The purpose
of the project is twofold: to "heal" and to "prevent" discrimination.
The project proceeds "from the bottom to the top" and establishes direct
communication between the "bottom" and the "top." The Helsinki
Committee focuses on two areas - one in which discrimination is directly or indirectly
embedded by the system itself and needs to be "healed," and the other in which
discriminatory attitudes are inherited, conditioned or encouraged but can be
"prevented." The first area of concern includes institutional personnel catering
for social care beneficiaries, whereas the second encompasses secondary school teachers
and students, i.e. student parliaments. Though methodologically different, the work in
these two areas is complementary by its effects, i.e. the benefits for two of the most
vulnerable and marginalized groups of population: persons with special needs (and persons
catering for them, actually in the same position as they are) and the young.

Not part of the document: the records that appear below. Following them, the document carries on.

(* Let $q=3^m$ with $m\ge 1$, let $\alpha$ be a primitive element of $\mathbb{F}_{q^2}$, and let $\mathcal{C}$ be the ternary cyclic code of length $q^2-1$ whose parity-check polynomial is $p_1(x)p_2(x)$, where $p_1(x)$ and $p_2(x)$ are the minimal polynomials over $\mathbb{F}_3$ of $\alpha^{-1}$ and $\alpha^{-(q+2)}$ respectively; equivalently $\mathcal{C}=\{(\mathrm{Tr}_{\mathbb{F}_{q^2}/\mathbb{F}_3}(a\alpha^{i(q+2)}+b\alpha^i))_{i=0}^{q^2-2}:\ a,b\in\mathbb{F}_{q^2}\}$. Then $\mathcal{C}$ has parameters $[q^2-1,4m,\frac{2q(q-2)}{3}]$, and its weight distribution is: weight $0$ occurs once; weight $\frac{2q(q-2)}{3}$ occurs $\frac{q^4-q^3-q^2+q}{6}$ times; weight $\frac{2q(q-1)}{3}$ occurs $q^3-q$ times; weight $\frac{2q^2}{3}$ occurs $\frac{q^4-q^3+q^2+q}{2}-1$ times; weight $\frac{2q(q+1)}{3}$ occurs $\frac{q^4-q^3-q^2+q}{3}$ times.
   Context: $[n,k,d]$ denotes a linear code of length $n$, dimension $k$ and minimum Hamming distance $d$; weights are Hamming weights. $\mathrm{Tr}_{\mathbb{F}_{q^2}/\mathbb{F}_3}$ is the absolute trace. *)

theory Defs
  imports Main
begin

definition abs_trace3 :: "nat \<Rightarrow> 'a::field \<Rightarrow> 'a" where
  "abs_trace3 e x = (\<Sum>j<e. x ^ (3 ^ j))"

definition primitive_elem :: "'a::field \<Rightarrow> bool" where
  "primitive_elem \<alpha> \<longleftrightarrow> \<alpha> \<noteq> 0 \<and> (\<forall>x. x \<noteq> 0 \<longrightarrow> (\<exists>i::nat. x = \<alpha> ^ i))"

definition hweight :: "'a::zero list \<Rightarrow> nat" where
  "hweight c = length (filter (\<lambda>x. x \<noteq> 0) c)"

text \<open>The ternary code of length q^2-1 given by the trace description
  (entries lie in the prime field F_3 of the ambient field of size q^2).\<close>
definition trace_code :: "nat \<Rightarrow> 'a::field \<Rightarrow> 'a list set" where
  "trace_code m \<alpha> = (let q = 3 ^ m in
     {map (\<lambda>i. abs_trace3 (2*m) (a * \<alpha> ^ (i * (q + 2)) + b * \<alpha> ^ i)) [0..<q^2 - 1]
      | a b. True})"

definition ternary_dim :: "'a list set \<Rightarrow> nat" where
  "ternary_dim C = (THE k. card C = 3 ^ k)"

text \<open>Minimum Hamming distance of a linear code = minimum nonzero weight.\<close>
definition min_dist :: "'a::zero list set \<Rightarrow> nat" where
  "min_dist C = Min {hweight c | c. c \<in> C \<and> hweight c \<noteq> 0}"

end

theory Submission
  imports Defs "HOL-Computational_Algebra.Polynomial"
begin

(* Let K = F_q inside F = F_(q^2) and \<theta> = \<alpha>^((q+1)/2), so that \<theta>^q = -\<theta>,
   F = K + K\<theta> and \<delta> = \<theta>^2 lies in K.  The codeword of (a, b) has weight q^2 minus the
   number zeros a b of x in F with Tr(a x^(q+2) + b x) = 0.  As x \<mapsto> x^(q+2) is a bijection
   of F, for a \<noteq> 0 one may rescale to a = 1.  Writing x = u + v\<theta> and c = b + g\<theta> with
   u, v, b, g in K, the trace Tr(x^(q+2) + c x) collapses to Tr_K(u (\<delta> v^2 - 1 - b) - g \<delta> v),
   which is affine in u.  Summing over v, zeros 1 c takes one of four values, according to
   whether 1 + b is 0, is not of the form \<delta> v^2, or equals \<delta> v0^2 with v0 \<noteq> 0 (and then
   whether Tr_K(g \<delta> v0) = 0).  Counting the c in each class gives the weight distribution. *)

lemma card_Times_filter_eq_sum_fst:
  assumes "finite A" "finite B"
  shows "card {(a, b) \<in> A \<times> B. P a b} = (\<Sum>a\<in>A. card {b \<in> B. P a b})"
proof -
  have "{(a, b) \<in> A \<times> B. P a b} = Sigma A (\<lambda>a. {b \<in> B. P a b})" by auto
  then show ?thesis using assms by (simp add: card_SigmaI)
qed

lemma card_Times_filter_eq_sum_snd:
  assumes "finite A" "finite B"
  shows "card {(a, b) \<in> A \<times> B. P a b} = (\<Sum>b\<in>B. card {a \<in> A. P a b})"
proof -
  have "card {(a, b) \<in> A \<times> B. P a b} = card {(b, a) \<in> B \<times> A. P a b}"
    by (rule bij_betw_same_card[of prod.swap]) (auto simp: bij_betw_def image_iff)
  also have "\<dots> = (\<Sum>b\<in>B. card {a \<in> A. P a b})"
    using card_Times_filter_eq_sum_fst[of B A "\<lambda>b a. P a b"] assms by simp
  finally show ?thesis .
qed

lemma sum_lessThan_add_split:
  fixes f :: "nat \<Rightarrow> 'a::comm_monoid_add"
  shows "(\<Sum>j<a + b. f j) = (\<Sum>j<a. f j) + (\<Sum>j<b. f (a + j))"
  by (induction b) (simp_all add: add_ac)

lemma card_eq_2_mult_card_image:
  assumes "finite A" "\<And>x. x \<in> A \<Longrightarrow> card {y \<in> A. f y = f x} = 2"
  shows "card A = 2 * card (f ` A)"
proof -
  have "A = (\<Union>b\<in>f ` A. {y \<in> A. f y = b})" by auto
  also have "card \<dots> = (\<Sum>b\<in>f ` A. card {y \<in> A. f y = b})"
    by (rule card_UN_disjoint) (use assms(1) in auto)
  also have "\<dots> = (\<Sum>b\<in>f ` A. 2)"
    using assms(2) by (intro sum.cong) auto
  finally show ?thesis by simp
qed

lemma hweight_map_upt: "hweight (map f [0..<n]) = card {i. i < n \<and> f i \<noteq> 0}"
proof -
  have "hweight (map f [0..<n]) = card {i. i < n \<and> f ([0..<n] ! i) \<noteq> 0}"
    by (simp add: hweight_def filter_map length_filter_conv_card o_def)
  also have "\<dots> = card {i. i < n \<and> f i \<noteq> 0}"
    by (rule arg_cong[where f = card]) auto
  finally show ?thesis .
qed

section \<open>Fields of characteristic three\<close>

lemma of_nat_card_eq_0: "of_nat (card (UNIV :: 'a::{ring_1,finite} set)) = (0::'a)"
proof -
  have "(\<Sum>y\<in>UNIV. y + 1) = (\<Sum>y\<in>(UNIV :: 'a set). y)"
    by (rule sum.reindex_bij_witness[of _ "\<lambda>y. y - 1" "\<lambda>y. y + 1"]) auto
  then show ?thesis by (simp add: sum.distrib)
qed

lemma char_3_if_card_power_3:
  assumes "card (UNIV :: 'a::{idom,finite} set) = 3 ^ k"
  shows "(3::'a) = 0"
  using of_nat_card_eq_0[where 'a='a] assms by (simp add: power_eq_0_iff)

lemma frobenius3_add:
  fixes x y :: "'a::comm_ring_1"
  assumes "(3::'a) = 0"
  shows "(x + y) ^ 3 ^ j = x ^ 3 ^ j + y ^ 3 ^ j"
proof (induction j)
  case (Suc j)
  have cube: "(a + b) ^ 3 = a ^ 3 + b ^ 3" for a b :: 'a
  proof -
    have "(a + b) ^ 3 = a ^ 3 + b ^ 3 + 3 * (a\<^sup>2 * b + a * b\<^sup>2)"
      by (simp add: power2_eq_square power3_eq_cube algebra_simps)
    then show ?thesis using assms by simp
  qed
  have "(x + y) ^ 3 ^ Suc j = ((x + y) ^ 3 ^ j) ^ 3" by (simp add: power_mult[symmetric] mult.commute)
  also have "\<dots> = (x ^ 3 ^ j) ^ 3 + (y ^ 3 ^ j) ^ 3" by (simp add: Suc cube)
  also have "\<dots> = x ^ 3 ^ Suc j + y ^ 3 ^ Suc j" by (simp add: power_mult[symmetric] mult.commute)
  finally show ?case .
qed simp

lemma power_pow3_uminus:
  fixes x :: "'a::comm_ring_1"
  shows "(- x) ^ 3 ^ j = - (x ^ 3 ^ j)"
  by (simp add: power_minus_odd)

lemma frobenius3_diff:
  fixes x y :: "'a::comm_ring_1"
  assumes "(3::'a) = 0"
  shows "(x - y) ^ 3 ^ j = x ^ 3 ^ j - y ^ 3 ^ j"
  using frobenius3_add[OF assms, of x "- y" j] by (simp add: power_pow3_uminus)

lemma frobenius3_sum:
  fixes f :: "'b \<Rightarrow> 'a::comm_ring_1"
  assumes "(3::'a) = 0"
  shows "(\<Sum>i\<in>A. f i) ^ 3 ^ j = (\<Sum>i\<in>A. f i ^ 3 ^ j)"
  by (induction A rule: infinite_finite_induct) (simp_all add: frobenius3_add[OF assms] power_0_left)

lemma field_power_card_minus_1:
  fixes x :: "'a::{field,finite}"
  assumes "x \<noteq> 0"
  shows "x ^ (card (UNIV :: 'a set) - 1) = 1"
proof -
  let ?U = "UNIV - {0 :: 'a}"
  have "(\<Prod>y\<in>?U. x * y) = (\<Prod>y\<in>?U. y)"
    by (rule prod.reindex_bij_witness[of _ "\<lambda>y. y / x" "\<lambda>y. x * y"]) (use assms in auto)
  then have "x ^ card ?U * (\<Prod>y\<in>?U. y) = (\<Prod>y\<in>?U. y)"
    by (simp add: prod.distrib)
  moreover have "(\<Prod>y\<in>?U. y) \<noteq> 0" by (simp add: prod_zero_iff)
  ultimately show ?thesis by (simp add: card_Diff_singleton)
qed

lemma field_power_card:
  fixes x :: "'a::{field,finite}"
  shows "x ^ card (UNIV :: 'a set) = x"
proof (cases "x = 0")
  case False
  have "card (UNIV :: 'a set) \<noteq> 0" by simp
  then have "x ^ card (UNIV :: 'a set) = x * x ^ (card (UNIV :: 'a set) - 1)"
    by (simp add: power_eq_if)
  then show ?thesis using field_power_card_minus_1[OF False] by simp
qed (simp add: finite_UNIV_card_ge_0)

section \<open>The absolute trace\<close>

lemma abs_trace3_0 [simp]: "abs_trace3 e 0 = 0"
  by (simp add: abs_trace3_def power_0_left)

lemma abs_trace3_add:
  fixes x y :: "'a::field"
  assumes "(3::'a) = 0"
  shows "abs_trace3 e (x + y) = abs_trace3 e x + abs_trace3 e y"
  by (simp add: abs_trace3_def frobenius3_add[OF assms] sum.distrib)

lemma abs_trace3_uminus: "abs_trace3 e (- x) = - abs_trace3 e x"
  by (simp add: abs_trace3_def power_pow3_uminus sum_negf)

Speaking of the first domain, the project aims, among other things,
at sensitizing professionals and auxiliary staff of the institutions catering for social
care beneficiaries about practices and system flaws that - either directly or indirectly -
discriminate beneficiaries and are contrary to the Anti-Discrimination Act and
international standards.
One of the project goals in the domain of secondary school system
is to raise awareness of students and their teachers about covert and overt forms of
discrimination manifest in everyday life, curricula and textbooks.